Urazy, ach urazy!

Uszkodzone więzadło poboczne piszczelowe kolana to problem Naszego Czytelnika Michała. Czy po odpowiedniej rehabilitacji jest możliwość powrotu do sportu? Odwpowiada dr Urszula Zdanowicz.

Michał: Mam uraz kolana. Badanie USG wykazało, że mam uszkodzone więzadło poboczne piszczelowe (uszkodzenia I/II stopnia), pozostałe struktury są nieuszkodzone. Minął tydzień od urazu. Kolano mogę wyprostować, ale zgięcie jest możliwe tylko o 90 stopni. Jaka rehabilitacja jest zalecana w tym wypadku? Jakie są najlepsze ćwiczenia? Kiedy mogę zacząć myśleć o rowerze i basenie?

Dr Urszula Zdanowicz: Bardzo często wraz z więzadłem pobocznym piszczelowym dochodzi do uszkodzenia innych struktur w stawie kolanowym (np. uszkodzenie łąkotek, więzadeł itd. - większość z tych struktur wewnątrzstawowych jest jedynie w niewielkim stopniu widoczna w badaniu USG i prawidłowy wynik tego badania niestety nie wyklucza innych uszkodzeń).

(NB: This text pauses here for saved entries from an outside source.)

text \<open>A vertex operator is encoded by its modes: \<open>Y v m w = v\<^sub>m w\<close>, i.e.
  \<open>Y(v,x)w = \<Sum>\<^sub>m (Y v m w) x\<^sup>-\<^sup>m\<^sup>-\<^sup>1\<close>. The Jacobi identity is written in its
  component form (coefficient of \<open>x\<^sub>0\<^sup>-\<^sup>l\<^sup>-\<^sup>1 x\<^sub>1\<^sup>-\<^sup>m\<^sup>-\<^sup>1 x\<^sub>2\<^sup>-\<^sup>n\<^sup>-\<^sup>1\<close>), the Borcherds identity.\<close>

definition bilinear_op :: "('v::cvs \<Rightarrow> int \<Rightarrow> 'w::cvs \<Rightarrow> 'w) \<Rightarrow> bool" where
  "bilinear_op Y \<longleftrightarrow> (\<forall>m. (\<forall>v. clinear (\<lambda>w. Y v m w)) \<and> (\<forall>w. clinear (\<lambda>v. Y v m w)))"

definition borcherds :: "('v::cvs \<Rightarrow> int \<Rightarrow> 'v \<Rightarrow> 'v) \<Rightarrow> ('v \<Rightarrow> int \<Rightarrow> 'w::cvs \<Rightarrow> 'w) \<Rightarrow> bool" where
  "borcherds Y YW \<longleftrightarrow> (\<forall>u v w l m n.
     fsum (\<lambda>i::nat. ((of_int m :: complex) gchoose i) *\<^sub>C YW (Y u (l + int i) v) (m + n - int i) w)
   = fsum (\<lambda>i::nat. ((-1) ^ i * ((of_int l :: complex) gchoose i)) *\<^sub>C
        (YW u (l + m - int i) (YW v (n + int i) w)
         - ((-1) powi l) *\<^sub>C YW v (l + n - int i) (YW u (m + int i) w))))"

definition Vgr :: "('v::cvs \<Rightarrow> int \<Rightarrow> 'v \<Rightarrow> 'v) \<Rightarrow> 'v \<Rightarrow> int \<Rightarrow> 'v set" where
  "Vgr Y om n = {v. Y om 1 v = of_int n *\<^sub>C v}"  \<comment> \<open>\<open>V\<^sub>(\<^sub>n\<^sub>)\<close>: \<open>L(0) = \<omega>\<^sub>1\<close> acts as n\<close>

definition VOA :: "('v::cvs \<Rightarrow> int \<Rightarrow> 'v \<Rightarrow> 'v) \<Rightarrow> 'v \<Rightarrow> 'v \<Rightarrow> complex \<Rightarrow> bool" where
  "VOA Y vac om c \<longleftrightarrow>
     bilinear_op Y
   \<and> (\<forall>u v. \<exists>N. \<forall>m\<ge>N. Y u m v = 0)
   \<and> (\<forall>m v. Y vac m v = (if m = -1 then v else 0))
   \<and> (\<forall>v m. m \<ge> 0 \<longrightarrow> Y v m vac = 0) \<and> (\<forall>v. Y v (-1) vac = v)
   \<and> borcherds Y Y
   \<and> (\<forall>m n v. Y om (m + 1) (Y om (n + 1) v) - Y om (n + 1) (Y om (m + 1) v)
        = of_int (m - n) *\<^sub>C Y om (m + n + 1) v
          + (if m + n = 0 then (of_int (m ^ 3 - m) / 12 * c) *\<^sub>C v else 0))
   \<and> (\<forall>u m w. Y (Y om 0 u) m w = (- of_int m) *\<^sub>C Y u (m - 1) w)
   \<and> (\<forall>v. v \<in> cspan (\<Union>n. Vgr Y om n))
   \<and> (\<forall>n. fin_dim (Vgr Y om n))
   \<and> (\<exists>K. \<forall>n<K. Vgr Y om n = {0})
   \<and> vac \<in> Vgr Y om 0 \<and> om \<in> Vgr Y om 2"

definition gen_eig :: "('w::cvs \<Rightarrow> 'w) \<Rightarrow> complex \<Rightarrow> 'w set" where
  "gen_eig L0 n = {w. \<exists>k. ((\<lambda>x. L0 x - n *\<^sub>C x) ^^ k) w = 0}"

definition Wgr :: "('v \<Rightarrow> int \<Rightarrow> 'w::cvs \<Rightarrow> 'w) \<Rightarrow> 'v \<Rightarrow> complex \<Rightarrow> 'w set" where
  "Wgr YW om n = gen_eig (YW om 1) n"

text \<open>Generalized V-module (the whole type 'w is the module): a weak module
  (lower truncation, vacuum property, Jacobi identity) graded by generalized
  \<open>L(0)\<close>-eigenspaces, finite-dimensional and lower-truncated.\<close>
definition gen_module :: "('v::cvs \<Rightarrow> int \<Rightarrow> 'v \<Rightarrow> 'v) \<Rightarrow> 'v \<Rightarrow> 'v \<Rightarrow> ('v \<Rightarrow> int \<Rightarrow> 'w::cvs \<Rightarrow> 'w) \<Rightarrow> bool" where
  "gen_module Y vac om YW \<longleftrightarrow>
     bilinear_op YW
   \<and> (\<forall>v w. \<exists>N. \<forall>m\<ge>N. YW v m w = 0)
   \<and> (\<forall>m w. YW vac m w = (if m = -1 then w else 0))
   \<and> borcherds Y YW
   \<and> (\<forall>w. w \<in> cspan (\<Union>n. Wgr YW om n))
   \<and> (\<forall>n. fin_dim (Wgr YW om n))
   \<and> (\<forall>n. \<exists>K. \<forall>k::int. k < K \<longrightarrow> Wgr YW om (n + of_int k) = {0})"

Dlatego też rekomendowałabym wykonanie jeszcze rezonansu magnetycznego - tylko wtedy będzie miał pan absolutną pewność, że tylko to więzadło uległo uszkodzeniu. Uszkodzenie więzadła pobocznego piszczelowego jest uszkodzeniem, które goi się u znakomitej większości pacjentów bez konieczności interwencji chirurgicznej. Standardowe postępowanie po takim uszkodzeniu to orteza unieruchamiająca kolano w kącie zgięcia 30 stopni (dozwolony zakres ruchu to pomiędzy 30 a 60 stopni) i zakaz obciążania kończyny (chodzenie o kulach) przez trzy tygodnie. Po tym czasie warto wykonać kontrolne badanie USG w celu oceny gojenia więzadła i dopiero wtedy rozpocząć pełne obciążanie (stopniowo!). Niezależnie od tego cały czas prowadzona jest rehabilitacja. Powrót do pełnej aktywności sportowej powinien nastąpić po ok. trzech miesiącach - tyle czasu potrzeba na pełną przebudowę blizny. Oczywiście dużo wcześniej będzie miał pan poczucie, że jest pan zdrowy (ustąpią dolegliwości, poprawi się zakres ruchu), mimo tego jednak warto odczekać aż nastąpi pełne wygojenie. Zbyt wczesny powrót do sportu grozi ryzykiem ponownych kontuzji.

* Dr Urszula Zdanowicz - ortopeda traumatolog sportowy. Jest w zespole lekarzy opiekujących się polskimi olimpijczykami i w Zarządzie Komisji Medycznej PZPN. W latach 2005-2007 była członkiem Zarządu Komisji Medycznej PKOl, była w ekipie medycznej w trakcie Zimowych Igrzysk Olimpijskich w Turynie. Od 2004 do 2008 r. w zespole lekarzy opiekujących się kadrą narodową i olimpijską Polskiego Związku Pływackiego. Pracuje w klinice Carolina Medical Center w Warszawie, specjalizuje się w leczeniu urazów sportowych, chirurgii rekonstrukcyjnej i artroskopowej. Trenowała pływanie, biega, jeździ na nartach i rowerze.